Absolute standard curve series (from 10
1
to 10
6
copies/?L) were constructed by quantifying the pNL4-3 HIG and pROD HIG plasmids with
the Qubit dsDNA HS Assay Kit (Life Technologies). We found that the level of plasmid
carryover for HIV-1 was 0.2% when measured by either method, while the level of carryover
was 2.8 or 1.4% for HIV-2, depending on the approach used (Additional file 1: Table S1). These results are comparable to those obtained in a similar study of
HIV-1 mutagenesis 5] and are too low to significantly affect measured mutation frequencies.

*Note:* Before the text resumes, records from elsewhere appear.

lemma arith_typing[simp]:
  "hom pred_step (Prod NN NN) (Prod NN NN)" "hom predA NN NN" "hom subA (Prod NN NN) NN"
  "hom addA (Prod NN NN) NN" "hom mul_step (Prod NN NN) (Prod NN NN)" "hom mulA (Prod NN NN) NN"
  "hom negA NN NN"
  by (simp_all add: pred_step_def predA_def subA_def addA_def mul_step_def mulA_def negA_def)

lemma abs_arr_arith:
  "abs_arr predm = predA" "abs_arr monus = subA" "abs_arr addm = addA" "abs_arr multm = mulA"
  "abs_arr negm = negA"
  by (simp_all add: abs_arr_simps predm_def predA_def pred_step_def monus_def subA_def addm_def
      addA_def multm_def mulA_def mul_step_def negm_def negA_def one_def cat_simps)

abbreviation pre :: "arr \<Rightarrow> arr" where "pre x \<equiv> predA \<cdot> x"
abbreviation add :: "arr \<Rightarrow> arr \<Rightarrow> arr" (infixl "\<oplus>" 65) where "x \<oplus> y \<equiv> addA \<cdot> \<langle>x, y\<rangle>"
abbreviation sub :: "arr \<Rightarrow> arr \<Rightarrow> arr" (infixl "\<ominus>" 65) where "x \<ominus> y \<equiv> subA \<cdot> \<langle>x, y\<rangle>"
abbreviation mul :: "arr \<Rightarrow> arr \<Rightarrow> arr" (infixl "\<otimes>" 70) where "x \<otimes> y \<equiv> mulA \<cdot> \<langle>x, y\<rangle>"
abbreviation neg :: "arr \<Rightarrow> arr" where "neg x \<equiv> negA \<cdot> x"
abbreviation sg :: "arr \<Rightarrow> arr" where "sg x \<equiv> neg (neg x)"

lemma add_zero: "hom x G NN \<Longrightarrow> x \<oplus> zero_at G = x"
  unfolding addA_def by (rule iter_zero) auto

lemma add_succ: "hom x G NN \<Longrightarrow> hom y G NN \<Longrightarrow> x \<oplus> suc y = suc (x \<oplus> y)"
  unfolding addA_def by (rule iter_succ) auto

lemma sub_zero: "hom x G NN \<Longrightarrow> x \<ominus> zero_at G = x"
  unfolding subA_def by (rule iter_zero) auto

lemma sub_succ: "hom x G NN \<Longrightarrow> hom y G NN \<Longrightarrow> x \<ominus> suc y = pre (x \<ominus> y)"
  unfolding subA_def by (rule iter_succ) auto
(* For every positive integer $n$, $$\Phi(n)=\begin{cases} 2n\prod_{p\mid n}\left(1-\frac{\beta(p)}{p}\right), & \text{if } 4\mid n;\\ n\prod_{p\mid n}\left(1-\frac{\beta(p)}{p}\right), & \text{otherwise},\end{cases}$$ where the products run over the primes $p$ dividing $n$.
   Context: For a positive integer $n$, let $\mathcal{G}_n=\{a+bi\in\mathbb{Z}[i]/n\mathbb{Z}[i] : a^2+b^2\equiv 1 \pmod n\}$ and $\Phi(n)=|\mathcal{G}_n|$. For an odd prime $p$, $\beta(p)=\left(\frac{-1}{p}\right)$ is the Legendre symbol, and $\beta(2)=0$. *)

theory Defs
  imports "HOL-Number_Theory.Number_Theory"
begin

text \<open>Elements a+bi of Z[i]/nZ[i] are represented by pairs of residues (a,b) in {0..<n}^2.\<close>
definition G :: "nat \<Rightarrow> (nat \<times> nat) set" where
  "G n = {(a, b). a < n \<and> b < n \<and> [a^2 + b^2 = 1] (mod n)}"

definition Phi :: "nat \<Rightarrow> nat" where
  "Phi n = card (G n)"

definition beta :: "nat \<Rightarrow> int" where
  "beta p = (if p = 2 then 0 else Legendre (-1) (int p))"

end

theory Submission
  imports Defs
begin

text \<open>
  Phi is multiplicative by the Chinese remainder theorem, so it suffices to count solutions of
  a^2 + b^2 = 1 modulo prime powers. Writing a solution modulo p M (with p dividing M) as
  (a0 + s M, b0 + t M) for a solution (a0, b0) modulo M, the congruence becomes linear in (s, t)
  modulo p. For odd p the linear form is nonzero, so every solution has exactly p lifts and
  Phi(p^e) = p^(e-1) Phi(p); stereographic projection from (-1, 0) gives Phi(p) = p - (-1/p).
  For p = 2 a solution modulo 2^k lifts 4 times or not at all, and for k >= 3 shifting its odd
  coordinate by 2^(k-1) is an involution exchanging the liftable and the non-liftable solutions,
  so Phi doubles from 2^k to 2^(k+1); the values Phi 2, Phi 4 and Phi 8 are computed.
\<close>

definition unit_circle_mod :: "int \<Rightarrow> (int \<times> int) set" where
  "unit_circle_mod m =
     {(a, b). 0 \<le> a \<and> a < m \<and> 0 \<le> b \<and> b < m \<and> [a^2 + b^2 = 1] (mod m)}"

lemma finite_unit_circle_mod: "finite (unit_circle_mod m)"
  by (rule finite_subset[of _ "{0..<m} \<times> {0..<m}"]) (auto simp: unit_circle_mod_def)

lemma Phi_eq_card_unit_circle_mod: "Phi n = card (unit_circle_mod (int n))"
proof -
  let ?f = "\<lambda>(a, b). (int a, int b)"
  have "unit_circle_mod (int n) = ?f ` G n"
  proof (intro equalityI subsetI)
    fix x assume "x \<in> unit_circle_mod (int n)"
    then obtain a b where x: "x = (a, b)" "0 \<le> a" "a < int n" "0 \<le> b" "b < int n"
      "[a^2 + b^2 = 1] (mod int n)" by (auto simp: unit_circle_mod_def)
    have "[int (nat a ^ 2 + nat b ^ 2) = int 1] (mod int n)" using x by simp
    then have "(nat a, nat b) \<in> G n" using x unfolding G_def cong_int_iff by auto
    then show "x \<in> ?f ` G n" using x by (auto intro!: image_eqI[where x = "(nat a, nat b)"])
  next
    fix x assume "x \<in> ?f ` G n"
    then obtain a b where x: "x = (int a, int b)" "(a, b) \<in> G n" by auto
    then have "[int (a^2 + b^2) = int 1] (mod int n)" unfolding cong_int_iff G_def by auto
    then show "x \<in> unit_circle_mod (int n)" using x by (auto simp: unit_circle_mod_def G_def)
  qed
  moreover have "inj_on ?f (G n)" by (auto simp: inj_on_def)
  ultimately show ?thesis unfolding Phi_def by (simp add: card_image)
qed

lemma mod_mem_unit_circle_mod:
  fixes a b k :: int
  assumes "[a^2 + b^2 = 1] (mod k)" "k > 0"
  shows "(a mod k, b mod k) \<in> unit_circle_mod k"
proof -
  have "[(a mod k)^2 + (b mod k)^2 = a^2 + b^2] (mod k)"
    by (intro cong_add cong_pow) (simp_all add: cong_def)
  then have "[(a mod k)^2 + (b mod k)^2 = 1] (mod k)" using assms(1) by (rule cong_trans)
  then show ?thesis using assms(2) by (auto simp: unit_circle_mod_def)
qed

lemma card_unit_circle_mod_mult:
  fixes m n :: int
  assumes m: "m > 0" and n: "n > 0" and cop: "coprime m n"
  shows "card (unit_circle_mod (m * n)) = card (unit_circle_mod m) * card (unit_circle_mod n)"
proof -
  define h where "h = (\<lambda>(a::int, b::int). ((a mod m, b mod m), (a mod n, b mod n)))"
  have "bij_betw h (unit_circle_mod (m * n)) (unit_circle_mod m \<times> unit_circle_mod n)"
  proof (rule bij_betw_imageI)
    show "inj_on h (unit_circle_mod (m * n))"
    proof (rule inj_onI)
      fix x y assume x: "x \<in> unit_circle_mod (m * n)" and y: "y \<in> unit_circle_mod (m * n)"
        and e: "h x = h y"
      obtain a b c d where ab: "x = (a, b)" and cd: "y = (c, d)" by force
      have "[a = c] (mod m)" "[a = c] (mod n)" "[b = d] (mod m)" "[b = d] (mod n)"
        using e by (auto simp: h_def ab cd cong_def)
      then have "[a = c] (mod m * n)" "[b = d] (mod m * n)"
        using cop by (auto intro: coprime_cong_mult)
      then show "x = y" using x y ab cd by (auto simp: unit_circle_mod_def cong_def)
    qed
    show "h ` unit_circle_mod (m * n) = unit_circle_mod m \<times> unit_circle_mod n"
    proof (intro equalityI subsetI)
      fix y assume "y \<in> h ` unit_circle_mod (m * n)"
      then obtain a b where ab: "(a, b) \<in> unit_circle_mod (m * n)" "y = h (a, b)" by auto
      then have "[a^2 + b^2 = 1] (mod m * n)" by (auto simp: unit_circle_mod_def)
      then have "[a^2 + b^2 = 1] (mod m)" "[a^2 + b^2 = 1] (mod n)"
        using cong_modulus_mult[of _ _ m n] cong_modulus_mult[of _ _ n m] by (auto simp: mult.commute)
      then show "y \<in> unit_circle_mod m \<times> unit_circle_mod n"
        using ab m n by (auto simp: h_def intro: mod_mem_unit_circle_mod)
    next
      fix y assume "y \<in> unit_circle_mod m \<times> unit_circle_mod n"
      then obtain a1 b1 a2 b2 where y: "y = ((a1, b1), (a2, b2))"
        "(a1, b1) \<in> unit_circle_mod m" "(a2, b2) \<in> unit_circle_mod n" by auto
      obtain x where x: "[x = a1] (mod m)" "[x = a2] (mod n)"
        using binary_chinese_remainder_int[OF cop] by blast
      obtain z where z: "[z = b1] (mod m)" "[z = b2] (mod n)"
        using binary_chinese_remainder_int[OF cop] by blast
      define a where "a = x mod (m * n)"
      define b where "b = z mod (m * n)"
      have am: "[a = a1] (mod m)" "[a = a2] (mod n)" "[b = b1] (mod m)" "[b = b2] (mod n)"
        using x z unfolding a_def b_def cong_def by (simp_all add: mod_mod_cancel)
      have "[a^2 + b^2 = a1^2 + b1^2] (mod m)" "[a^2 + b^2 = a2^2 + b2^2] (mod n)"
        using am by (auto intro!: cong_add cong_pow)
      then have "[a^2 + b^2 = 1] (mod m)" "[a^2 + b^2 = 1] (mod n)"
        using y by (auto simp: unit_circle_mod_def elim: cong_trans)
      then have "[a^2 + b^2 = 1] (mod m * n)" using cop by (rule coprime_cong_mult)
      then have "(a, b) \<in> unit_circle_mod (m * n)"
        using m n by (auto simp: unit_circle_mod_def a_def b_def)
      moreover have "h (a, b) = y" using am y m n by (auto simp: h_def unit_circle_mod_def cong_def)
      ultimately show "y \<in> h ` unit_circle_mod (m * n)" by force
    qed
  qed
  then show ?thesis by (simp add: bij_betw_same_card card_cartesian_product)
qed

lemma Phi_mult:
  assumes "m > 0" "n > 0" "coprime m n"
  shows "Phi (m * n) = Phi m * Phi n"
  using card_unit_circle_mod_mult[of "int m" "int n"] assms by (simp add: Phi_eq_card_unit_circle_mod)

lemma Phi_prod_prime_powers:
  fixes P :: "nat set" and e :: "nat \<Rightarrow> nat"
  assumes "finite P" "\<forall>p\<in>P. prime p"
  shows "Phi (\<Prod>p\<in>P. p ^ e p) = (\<Prod>p\<in>P. Phi (p ^ e p))"
  using assms
proof (induction P rule: finite_induct)
  case empty
  show ?case by (simp add: Phi_def G_def cong_def)
next
  case (insert q P)
  have "coprime (q ^ e q) (\<Prod>p\<in>P. p ^ e p)"
  proof (rule prod_coprime_right)
    fix p assume "p \<in> P"
    then have "p \<noteq> q" "prime p" "prime q" using insert by auto
    then have "coprime q p" by (simp add: primes_coprime)
    then show "coprime (q ^ e q) (p ^ e p)" by simp
  qed
  moreover have "(\<Prod>p\<in>P. p ^ e p) > 0" "q ^ e q > 0"
    using insert by (auto intro!: prod_pos simp: prime_gt_0_nat)
  ultimately show ?case using insert Phi_mult by simp
qed

lemma card_eq_sum_card_fibers:
  assumes "finite A" "finite B" "f ` A \<subseteq> B"
  shows "card A = (\<Sum>b\<in>B. card {a\<in>A. f a = b})"
proof -
  have "A = (\<Union>b\<in>B. {a\<in>A. f a = b})" using assms(3) by auto
  then have "card A = card (\<Union>b\<in>B. {a\<in>A. f a = b})" by simp
  also have "\<dots> = (\<Sum>b\<in>B. card {a\<in>A. f a = b})"
    using assms(1,2) by (intro card_UN_disjoint) auto
  finally show ?thesis .
qed
definition err_bound :: "'a measure \<Rightarrow> (nat \<Rightarrow> 'a \<Rightarrow> real) \<Rightarrow> (nat \<Rightarrow> 'a \<Rightarrow> real) \<Rightarrow> nat \<Rightarrow> nat \<Rightarrow> nat \<Rightarrow> real" where
  "err_bound Mv \<psi> f Mc N K1 =
     (\<Sum>j=1..Mc. \<Sum>k. (coef Mv \<psi> (f j) (k + K1 + 1))\<^sup>2)
     + (1 / real N) * (\<Sum>j=1..Mc. \<Sum>k=1..K1. var_psi Mv \<psi> (f j) k)"

end

theory Submission
  imports Defs
begin

(* Write g_j = p(.|theta_j) / q. The weighted error integral of e_j is the squared L2(q)-distance
   between g_j and the finite expansion sum_{k <= K1} c_hat_jk psi_k. Parseval's identity for the
   complete system psi (Bessel's inequality plus a Riesz-Fischer limit) turns it into the tail
   sum_{k > K1} c_jk^2 plus sum_{k <= K1} (c_hat_jk - c_jk)^2. The sample means c_hat_jk are
   unbiased with mean square error Var[psi_k(Y)] / N, so E[e^2] equals the right-hand side B exactly,
   whence E[e] <= sqrt B and Var[e] <= B. Finally B -> 0 when first K1 -> oo (tails of convergent
   series) and then N -> oo. *)

section \<open>Square integrability with respect to a weight\<close>

lemma abs_mult_le_weighted_squares:
  fixes a b s :: real
  assumes "0 < s"
  shows "\<bar>a * b\<bar> \<le> (s * a\<^sup>2 + b\<^sup>2 / s) / 2"
proof -
  have "0 \<le> (s * \<bar>a\<bar> - \<bar>b\<bar>)\<^sup>2" by simp
  then have "2 * s * \<bar>a * b\<bar> \<le> s\<^sup>2 * a\<^sup>2 + b\<^sup>2"
    by (simp add: power2_diff abs_mult power_mult_distrib algebra_simps)
  with assms show ?thesis by (simp add: field_simps power2_eq_square)
qed

lemma abs_weighted_product_le:
  fixes a b w s :: real
  assumes "0 \<le> w" "0 < s"
  shows "\<bar>a * b * w\<bar> \<le> (s * (a\<^sup>2 * w) + b\<^sup>2 * w / s) / 2"
proof -
  have "\<bar>a * b\<bar> * w \<le> (s * a\<^sup>2 + b\<^sup>2 / s) / 2 * w"
    using abs_mult_le_weighted_squares[OF assms(2)] assms(1) by (rule mult_right_mono)
  with assms(1) show ?thesis by (simp add: abs_mult algebra_simps add_divide_distrib)
qed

Amplifications for Illumina sequencing

PCR was performed on five small (~150–170 bp) amplicons (Gag, Vif, HSA, EGFP-1, EGFP-2)
for each sample, with HIV-1 and 2 amplicons positioned in homologous locations. All
forward primers contained 5-base barcodes (differing by at least two bases) to allow
demultiplexing of pooled PCR products. All primer and barcode sequences are listed
in Additional file 11: Table S6. Barcodes were randomly generated using a program written by Luca Comai
and Tyson Howell (http://comailab.genomecenter.ucdavis.edu/index.php/Barcode_generator) 73]. PCR was performed using the Phusion Hot Start II High-Fidelity DNA Polymerase (Fisher
Scientific; Pittsburgh, PA, USA). PCR reactions were performed with 8 µL of genomic
DNA (~50,000 target copies), 500 nM of each primer, and a final volume of 50 µL/reaction.
The cycling conditions used were an initial denaturation of 98°C 30 s, 30 cycles of
98°C 10 s/56°C 30 s/72°C 15 s, and a final extension of 72°C 10 min. All PCR reactions
were performed in triplicate to reduce the risk of clonal amplification, and the products
were pooled after amplification. Negative control reactions were performed lacking
template or with genomic DNA from uninfected cells.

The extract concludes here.